气体通常以耐高压的钢瓶进行贮存和运输,但在使用过程中存在泄露和爆炸等风险。而将气体吸附于固体介质中能有效避免这种缺陷,以物理形式捕获在固体介质中的气体具有缓慢释放等特点,在需求量少且需持续拥有时具有重要的应用。如在香蕉或苹果采收后的储运过程中,可将吸附有乙烯气体的固体粉末介质置于仓库或运输车中,缓慢释放的乙烯气体能在一段时间内催熟水果,从而达到调控水果成熟时间的目的。
乙烯是调控植物成熟的重要气体,被誉为“植物激素”,能加速水果熟化过程或促进种子的发芽(如绿豆)。在蔬果保鲜领域,目前广泛使用乙烯利可诱导植物或水果释放乙烯,但具有一定毒性,其安全性备受关注。
目前,用环糊精吸附乙烯气体已有报道,制备方法主要是液相法。将环糊精粉末配制成饱和溶液,置于高压反应釜中,通入乙烯,于25℃的条件下反应120h,洗涤干燥后得到吸附乙烯的环糊精样品。其中,样品的回收率为15%~40%,乙烯的吸附率为2.3%~2.8%(Ho,B.T.,Joyce,D.C.,Bhandari,B.R.(2011).Encapsulation of ethylene gas intoα-cyclodextrin and characterisation of the inclusion complexes,Food Chemistry,127,572-580)。但该方法所用的环糊精价格高,所采用吸附工艺复杂,样品回收率及乙烯的吸附率较低,不适用于大规模的食品工业生产。
发明内容
本发明目的在于提供一种成本低廉,操作简便,样品回收率和对乙烯气体的吸附率有明显提高的利用非晶颗粒态淀粉吸附乙烯气体的方法。
本发明将淀粉颗粒通过乙醇‐碱法处理后制备成非晶颗粒态淀粉,利用NaOH使淀粉中双螺旋结构展开,同时,乙醇溶液能抑制颗粒溶胀,从而保持颗粒的完整性。
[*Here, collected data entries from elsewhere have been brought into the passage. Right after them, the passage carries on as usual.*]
theorem theorem4:
  fixes \<delta> :: real
  assumes "CARD('n) \<ge> 2" and "0 < \<delta>" and "\<delta> \<le> 1"
  defines "d \<equiv> real CARD('n)"
  defines "N \<equiv> \<delta>^4 * (d^2 - 1) + \<delta>^2 * (d^2 + 2) + d^2 - 1"
  defines "R \<equiv> sqrt (N / (12 * d))"
  shows "(\<forall>\<tau> \<in> (delaunay_simplices \<delta> :: (real^'n) set set). circumradius \<tau> = R)
    \<and> lattice_protection \<delta> TYPE('n) / R =
      (if 1 / sqrt (d + 1) < \<delta> then
         sqrt ((\<delta>^4 * (d^2 - 1) + \<delta>^2 * (d^2 - 22) + d^2 + 23) / N) - 1
       else if \<delta> = 1 / sqrt (d + 1) then
         sqrt ((d^2 + 2*d + 24) / (d^2 + 2*d)) - 1
       else
         sqrt ((\<delta>^4 * (d^2 - 1) + \<delta>^2 * (d^2 + 24*d + 2) + d^2 - 1) / N) - 1)"
proof -
  have R: "R = sqrt (delaunay_sq_radius \<delta> d)"
    by (simp add: R_def N_def delaunay_sq_radius_def)
  have "2 \<le> d"
    using assms(1) by (simp add: d_def)
  then show ?thesis
    using delaunay_simplex_radius_protection(1)[OF assms(1-3)] lattice_protection_eq[OF assms(1-3)]
      protection_ratio[OF _ assms(2), of d]
    unfolding R N_def d_def by simp
qed

end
处理过程中,淀粉分子与乙醇形成了V型单螺旋复合物,淀粉在干燥过程中乙醇挥发,颗粒内形成淀粉的单螺旋空腔。非晶颗粒态淀粉的疏水性空腔有利于非极性气体的进入,从而达到吸附乙烯的目的。本发明以非晶颗粒态淀粉为包埋壁材吸附乙烯,具有工艺简单,成本较低的特点,尤其是产品的回收率和乙烯的吸附量相比现有技术有显著提高。总体而言,本发明使用的非晶颗粒态淀粉吸附乙烯,制备工艺简单快捷,成本低,样品回收率及乙烯的吸附率高,为新型食品保鲜技术提供了新的选择和可能,是对现有气体吸附和包埋技术的发展。
本发明目的通过如下技术方案实现:
一种利用非晶颗粒态淀粉吸附乙烯气体的方法,包括如下步骤和工艺条件:
(1)非晶颗粒态淀粉的制备
a)调浆:用乙醇水溶液调成干基质量分数为10%~15%的淀粉浆液;
b)反应:将步骤a)中淀粉浆液在水浴中恒温至25~40℃,滴加NaOH溶液,搅拌反应20~60min;
c)中和:将步骤b)中得到的淀粉浆液离心,用乙醇溶液洗涤后,用乙醇盐酸溶液中和,离心,乙醇洗涤;
d)干燥:将步骤c)得到的淀粉干燥,过筛;得到非晶颗粒态淀粉;
(2)非晶颗粒态淀粉吸附乙烯:将非晶颗粒态淀粉置于高压反应釜中,加入量为反应釜体积的20%~30%,将反应釜抽真空,通入乙烯气体,于0.8~1.5Mpa,20~30℃的条件下反应15~25h,反应结束后打开出气阀,吸收未吸附的乙烯,得到吸附有乙烯的淀粉粉末产品。
为进一步实现本发明目的,优选地,所述淀粉浆液的淀粉原料为玉米淀粉、木薯淀粉或马铃薯淀粉。进一步优选,所述玉米淀粉为普通玉米淀粉或高链玉米淀粉(Hylon-5和Hylon-7)。
优选地,所述NaOH溶液的浓度为1~5mol/L,干基淀粉与NaOH溶液的质量比为1:1~1:10。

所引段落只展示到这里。